Assignment: Could you filter the data below down to the lines that hold the word "Defs"?

Source records:
____
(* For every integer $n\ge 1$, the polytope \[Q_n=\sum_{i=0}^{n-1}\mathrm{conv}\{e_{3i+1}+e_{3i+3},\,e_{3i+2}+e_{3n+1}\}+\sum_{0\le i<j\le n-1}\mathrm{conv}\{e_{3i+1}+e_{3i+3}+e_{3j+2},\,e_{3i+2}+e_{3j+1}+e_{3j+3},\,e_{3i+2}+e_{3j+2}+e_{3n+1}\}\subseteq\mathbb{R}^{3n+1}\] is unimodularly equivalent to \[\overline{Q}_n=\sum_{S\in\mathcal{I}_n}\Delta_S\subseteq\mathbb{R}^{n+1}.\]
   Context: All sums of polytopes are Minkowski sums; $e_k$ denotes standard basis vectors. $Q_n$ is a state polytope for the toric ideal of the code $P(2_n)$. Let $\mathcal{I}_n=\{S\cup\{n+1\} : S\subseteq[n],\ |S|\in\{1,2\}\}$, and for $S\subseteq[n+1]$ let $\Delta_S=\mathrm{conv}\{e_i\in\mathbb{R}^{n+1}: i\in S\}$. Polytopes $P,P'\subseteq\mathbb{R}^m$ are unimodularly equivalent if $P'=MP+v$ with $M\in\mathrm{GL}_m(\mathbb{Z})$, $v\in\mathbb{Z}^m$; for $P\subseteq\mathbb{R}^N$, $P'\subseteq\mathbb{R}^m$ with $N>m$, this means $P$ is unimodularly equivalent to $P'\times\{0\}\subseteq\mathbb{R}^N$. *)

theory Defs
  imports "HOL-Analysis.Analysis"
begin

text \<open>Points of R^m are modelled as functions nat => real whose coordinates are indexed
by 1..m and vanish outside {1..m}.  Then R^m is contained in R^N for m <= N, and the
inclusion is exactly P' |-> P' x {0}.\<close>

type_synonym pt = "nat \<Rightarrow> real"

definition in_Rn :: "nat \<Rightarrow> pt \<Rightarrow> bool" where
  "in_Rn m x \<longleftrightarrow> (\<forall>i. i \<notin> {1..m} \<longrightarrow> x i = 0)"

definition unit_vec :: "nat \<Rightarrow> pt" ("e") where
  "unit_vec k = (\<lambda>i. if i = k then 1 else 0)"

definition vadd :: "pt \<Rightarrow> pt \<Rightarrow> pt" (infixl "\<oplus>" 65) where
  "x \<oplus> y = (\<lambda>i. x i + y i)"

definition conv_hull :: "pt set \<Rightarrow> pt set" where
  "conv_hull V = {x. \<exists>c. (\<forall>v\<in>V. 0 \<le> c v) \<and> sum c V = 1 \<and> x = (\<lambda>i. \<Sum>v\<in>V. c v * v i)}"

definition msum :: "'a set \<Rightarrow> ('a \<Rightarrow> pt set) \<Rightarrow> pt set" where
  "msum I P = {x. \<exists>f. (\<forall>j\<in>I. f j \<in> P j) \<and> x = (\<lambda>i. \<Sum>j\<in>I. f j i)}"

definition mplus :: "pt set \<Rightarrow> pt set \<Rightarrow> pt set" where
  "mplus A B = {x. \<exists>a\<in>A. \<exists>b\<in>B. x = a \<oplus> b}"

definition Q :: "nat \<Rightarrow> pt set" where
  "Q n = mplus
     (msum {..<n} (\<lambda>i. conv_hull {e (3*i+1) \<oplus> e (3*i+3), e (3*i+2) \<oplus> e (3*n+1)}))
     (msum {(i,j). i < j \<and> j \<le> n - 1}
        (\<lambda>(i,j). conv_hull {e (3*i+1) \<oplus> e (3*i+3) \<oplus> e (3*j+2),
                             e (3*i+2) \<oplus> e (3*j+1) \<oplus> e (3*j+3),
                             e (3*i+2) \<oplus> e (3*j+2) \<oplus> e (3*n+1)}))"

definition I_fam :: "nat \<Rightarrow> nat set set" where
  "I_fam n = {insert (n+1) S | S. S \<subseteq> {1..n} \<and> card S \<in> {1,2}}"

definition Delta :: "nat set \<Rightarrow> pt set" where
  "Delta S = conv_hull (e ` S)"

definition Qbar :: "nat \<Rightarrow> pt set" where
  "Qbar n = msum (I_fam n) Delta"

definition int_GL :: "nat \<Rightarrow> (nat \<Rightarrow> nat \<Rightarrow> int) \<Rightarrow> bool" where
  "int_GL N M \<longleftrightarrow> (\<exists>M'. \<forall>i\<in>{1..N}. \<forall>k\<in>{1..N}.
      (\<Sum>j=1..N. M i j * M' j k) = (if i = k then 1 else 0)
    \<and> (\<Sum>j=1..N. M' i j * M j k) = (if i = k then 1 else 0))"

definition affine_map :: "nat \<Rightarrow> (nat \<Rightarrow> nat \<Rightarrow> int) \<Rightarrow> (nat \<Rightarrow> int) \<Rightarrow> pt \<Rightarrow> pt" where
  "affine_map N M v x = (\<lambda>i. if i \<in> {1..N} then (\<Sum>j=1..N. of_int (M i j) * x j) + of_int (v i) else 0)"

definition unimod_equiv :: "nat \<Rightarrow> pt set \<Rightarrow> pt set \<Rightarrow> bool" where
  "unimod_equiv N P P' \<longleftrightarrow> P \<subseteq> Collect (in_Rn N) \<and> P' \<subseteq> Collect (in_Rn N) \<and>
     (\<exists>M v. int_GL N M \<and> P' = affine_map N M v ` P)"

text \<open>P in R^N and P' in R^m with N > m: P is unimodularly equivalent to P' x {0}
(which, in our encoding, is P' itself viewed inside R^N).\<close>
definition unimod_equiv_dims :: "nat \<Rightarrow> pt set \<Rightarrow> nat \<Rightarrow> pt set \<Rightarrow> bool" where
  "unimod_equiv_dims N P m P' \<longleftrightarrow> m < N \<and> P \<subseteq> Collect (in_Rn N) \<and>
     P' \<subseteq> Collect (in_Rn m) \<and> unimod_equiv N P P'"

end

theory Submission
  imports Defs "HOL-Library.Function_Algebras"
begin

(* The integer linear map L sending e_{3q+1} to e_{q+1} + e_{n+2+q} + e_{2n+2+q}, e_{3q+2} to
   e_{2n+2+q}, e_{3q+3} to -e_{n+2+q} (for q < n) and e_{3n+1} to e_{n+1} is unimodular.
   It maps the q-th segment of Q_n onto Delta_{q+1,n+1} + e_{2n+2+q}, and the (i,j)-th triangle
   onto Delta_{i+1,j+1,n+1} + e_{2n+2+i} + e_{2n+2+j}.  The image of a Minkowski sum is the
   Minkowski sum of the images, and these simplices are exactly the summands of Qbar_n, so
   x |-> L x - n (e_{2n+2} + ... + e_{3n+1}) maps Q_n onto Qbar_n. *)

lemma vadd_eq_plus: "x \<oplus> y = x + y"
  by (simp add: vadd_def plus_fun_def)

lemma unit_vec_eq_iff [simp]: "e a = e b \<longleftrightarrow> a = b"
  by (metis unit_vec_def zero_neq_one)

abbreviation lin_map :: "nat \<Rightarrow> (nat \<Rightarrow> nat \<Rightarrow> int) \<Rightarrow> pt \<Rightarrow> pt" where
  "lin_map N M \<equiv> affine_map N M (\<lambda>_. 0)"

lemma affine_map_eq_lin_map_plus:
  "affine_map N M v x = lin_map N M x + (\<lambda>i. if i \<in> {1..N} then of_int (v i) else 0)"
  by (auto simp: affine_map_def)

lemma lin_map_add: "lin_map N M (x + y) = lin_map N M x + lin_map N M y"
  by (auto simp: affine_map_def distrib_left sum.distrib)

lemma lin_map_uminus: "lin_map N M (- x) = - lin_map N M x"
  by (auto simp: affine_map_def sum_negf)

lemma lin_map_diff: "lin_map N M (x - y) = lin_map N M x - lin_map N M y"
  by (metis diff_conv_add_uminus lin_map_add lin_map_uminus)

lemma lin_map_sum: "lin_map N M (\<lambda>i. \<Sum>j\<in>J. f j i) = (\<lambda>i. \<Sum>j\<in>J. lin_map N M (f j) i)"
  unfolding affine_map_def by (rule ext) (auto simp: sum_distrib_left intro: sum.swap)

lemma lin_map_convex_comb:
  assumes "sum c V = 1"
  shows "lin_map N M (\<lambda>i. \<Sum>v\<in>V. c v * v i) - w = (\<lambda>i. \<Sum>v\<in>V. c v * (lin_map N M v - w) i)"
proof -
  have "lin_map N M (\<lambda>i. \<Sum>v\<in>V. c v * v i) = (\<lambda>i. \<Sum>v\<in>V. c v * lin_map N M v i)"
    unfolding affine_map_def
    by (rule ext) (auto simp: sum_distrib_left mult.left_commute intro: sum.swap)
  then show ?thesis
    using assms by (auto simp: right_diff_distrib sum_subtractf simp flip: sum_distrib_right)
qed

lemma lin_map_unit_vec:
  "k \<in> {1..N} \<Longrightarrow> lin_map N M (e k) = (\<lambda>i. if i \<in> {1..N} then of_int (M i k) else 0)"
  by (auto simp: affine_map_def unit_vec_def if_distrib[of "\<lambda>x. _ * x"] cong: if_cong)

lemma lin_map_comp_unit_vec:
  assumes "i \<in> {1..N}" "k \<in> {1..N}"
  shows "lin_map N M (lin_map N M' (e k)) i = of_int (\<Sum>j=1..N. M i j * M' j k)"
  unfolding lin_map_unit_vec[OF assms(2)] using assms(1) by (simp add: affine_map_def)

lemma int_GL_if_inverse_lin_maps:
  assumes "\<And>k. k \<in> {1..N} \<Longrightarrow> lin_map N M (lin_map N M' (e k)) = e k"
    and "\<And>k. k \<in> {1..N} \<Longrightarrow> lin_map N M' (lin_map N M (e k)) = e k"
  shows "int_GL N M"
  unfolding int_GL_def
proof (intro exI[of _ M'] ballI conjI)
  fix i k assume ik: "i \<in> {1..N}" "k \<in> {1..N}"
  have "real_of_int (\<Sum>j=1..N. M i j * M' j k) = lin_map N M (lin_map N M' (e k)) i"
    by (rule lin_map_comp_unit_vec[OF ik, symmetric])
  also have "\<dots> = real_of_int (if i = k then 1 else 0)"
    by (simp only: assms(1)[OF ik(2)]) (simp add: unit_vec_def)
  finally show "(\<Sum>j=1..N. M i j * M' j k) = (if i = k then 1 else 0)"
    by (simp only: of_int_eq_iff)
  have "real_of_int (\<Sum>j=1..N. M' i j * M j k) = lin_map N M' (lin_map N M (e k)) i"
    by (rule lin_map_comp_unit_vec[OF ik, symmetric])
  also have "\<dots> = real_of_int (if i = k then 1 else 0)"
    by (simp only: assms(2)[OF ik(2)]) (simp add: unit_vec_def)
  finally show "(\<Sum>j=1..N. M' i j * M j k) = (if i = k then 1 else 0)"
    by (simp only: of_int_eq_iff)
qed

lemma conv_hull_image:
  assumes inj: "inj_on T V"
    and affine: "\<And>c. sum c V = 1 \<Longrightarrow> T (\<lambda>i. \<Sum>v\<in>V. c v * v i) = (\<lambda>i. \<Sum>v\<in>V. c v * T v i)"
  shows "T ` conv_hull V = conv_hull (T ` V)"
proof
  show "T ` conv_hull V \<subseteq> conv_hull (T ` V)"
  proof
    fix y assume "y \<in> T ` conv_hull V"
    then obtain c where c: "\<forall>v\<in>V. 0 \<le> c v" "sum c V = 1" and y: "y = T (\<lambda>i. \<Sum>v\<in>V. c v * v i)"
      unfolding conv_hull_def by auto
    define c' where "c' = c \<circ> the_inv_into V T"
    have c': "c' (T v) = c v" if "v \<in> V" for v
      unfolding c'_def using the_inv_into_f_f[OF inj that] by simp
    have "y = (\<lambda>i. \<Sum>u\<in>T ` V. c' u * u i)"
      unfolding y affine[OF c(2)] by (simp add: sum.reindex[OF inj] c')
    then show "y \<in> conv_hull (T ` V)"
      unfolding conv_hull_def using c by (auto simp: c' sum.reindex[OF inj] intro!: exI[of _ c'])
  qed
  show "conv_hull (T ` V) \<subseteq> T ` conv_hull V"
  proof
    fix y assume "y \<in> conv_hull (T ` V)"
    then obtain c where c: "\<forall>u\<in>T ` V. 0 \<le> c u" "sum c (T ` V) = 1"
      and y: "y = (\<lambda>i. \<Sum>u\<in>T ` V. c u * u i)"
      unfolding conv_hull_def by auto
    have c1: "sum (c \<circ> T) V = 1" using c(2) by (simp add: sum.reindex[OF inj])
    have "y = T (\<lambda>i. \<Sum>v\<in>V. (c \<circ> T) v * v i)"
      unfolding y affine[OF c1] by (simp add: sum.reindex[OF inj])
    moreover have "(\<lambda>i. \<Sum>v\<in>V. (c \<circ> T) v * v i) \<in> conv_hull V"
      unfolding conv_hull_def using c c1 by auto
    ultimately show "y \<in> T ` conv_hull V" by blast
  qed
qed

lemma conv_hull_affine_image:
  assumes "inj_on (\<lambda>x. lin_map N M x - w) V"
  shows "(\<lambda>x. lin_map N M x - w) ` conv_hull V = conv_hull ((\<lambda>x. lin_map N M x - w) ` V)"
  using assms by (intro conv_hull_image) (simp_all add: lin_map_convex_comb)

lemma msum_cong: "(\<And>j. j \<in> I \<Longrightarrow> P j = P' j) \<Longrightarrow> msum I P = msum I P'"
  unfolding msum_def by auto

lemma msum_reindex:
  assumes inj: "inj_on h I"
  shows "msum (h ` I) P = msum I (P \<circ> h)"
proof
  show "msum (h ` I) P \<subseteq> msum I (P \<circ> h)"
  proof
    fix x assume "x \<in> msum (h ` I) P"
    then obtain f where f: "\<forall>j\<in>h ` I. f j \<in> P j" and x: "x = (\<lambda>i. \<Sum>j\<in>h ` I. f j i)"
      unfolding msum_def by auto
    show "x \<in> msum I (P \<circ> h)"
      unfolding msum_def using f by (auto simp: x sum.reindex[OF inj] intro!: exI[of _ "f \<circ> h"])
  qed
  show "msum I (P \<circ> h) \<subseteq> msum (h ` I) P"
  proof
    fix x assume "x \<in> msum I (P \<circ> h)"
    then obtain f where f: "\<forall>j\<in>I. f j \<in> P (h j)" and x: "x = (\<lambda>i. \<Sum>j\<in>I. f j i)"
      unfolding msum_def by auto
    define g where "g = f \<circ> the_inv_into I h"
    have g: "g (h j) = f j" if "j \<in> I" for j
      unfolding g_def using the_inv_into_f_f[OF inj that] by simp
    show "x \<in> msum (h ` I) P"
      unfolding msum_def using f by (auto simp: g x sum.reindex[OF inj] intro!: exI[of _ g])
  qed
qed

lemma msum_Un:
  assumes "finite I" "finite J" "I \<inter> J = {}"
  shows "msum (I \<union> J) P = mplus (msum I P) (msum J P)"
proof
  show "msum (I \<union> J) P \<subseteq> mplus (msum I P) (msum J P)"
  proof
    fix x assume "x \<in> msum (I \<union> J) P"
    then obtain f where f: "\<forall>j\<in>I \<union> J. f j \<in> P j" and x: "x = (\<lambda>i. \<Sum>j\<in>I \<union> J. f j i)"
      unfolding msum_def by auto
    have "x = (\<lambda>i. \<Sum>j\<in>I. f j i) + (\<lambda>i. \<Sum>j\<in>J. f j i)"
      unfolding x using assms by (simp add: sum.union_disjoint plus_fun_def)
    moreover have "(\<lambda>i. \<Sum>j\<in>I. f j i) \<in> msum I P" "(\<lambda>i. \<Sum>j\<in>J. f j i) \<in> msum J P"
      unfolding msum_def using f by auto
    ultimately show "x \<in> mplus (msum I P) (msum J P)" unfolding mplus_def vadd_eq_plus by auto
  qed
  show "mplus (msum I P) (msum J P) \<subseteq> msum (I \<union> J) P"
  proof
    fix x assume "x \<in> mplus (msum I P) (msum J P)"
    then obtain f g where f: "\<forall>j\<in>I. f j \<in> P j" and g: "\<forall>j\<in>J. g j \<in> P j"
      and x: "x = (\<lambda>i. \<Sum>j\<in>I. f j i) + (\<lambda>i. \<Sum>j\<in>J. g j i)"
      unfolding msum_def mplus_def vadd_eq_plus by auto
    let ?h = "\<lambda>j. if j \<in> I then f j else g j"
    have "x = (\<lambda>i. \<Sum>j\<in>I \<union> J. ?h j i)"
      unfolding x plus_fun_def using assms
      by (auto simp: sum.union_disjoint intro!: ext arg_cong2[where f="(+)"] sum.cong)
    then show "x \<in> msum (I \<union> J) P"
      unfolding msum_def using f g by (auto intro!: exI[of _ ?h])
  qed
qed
____
Result of the exercise:
theory Defs
  imports Defs "HOL-Library.Function_Algebras"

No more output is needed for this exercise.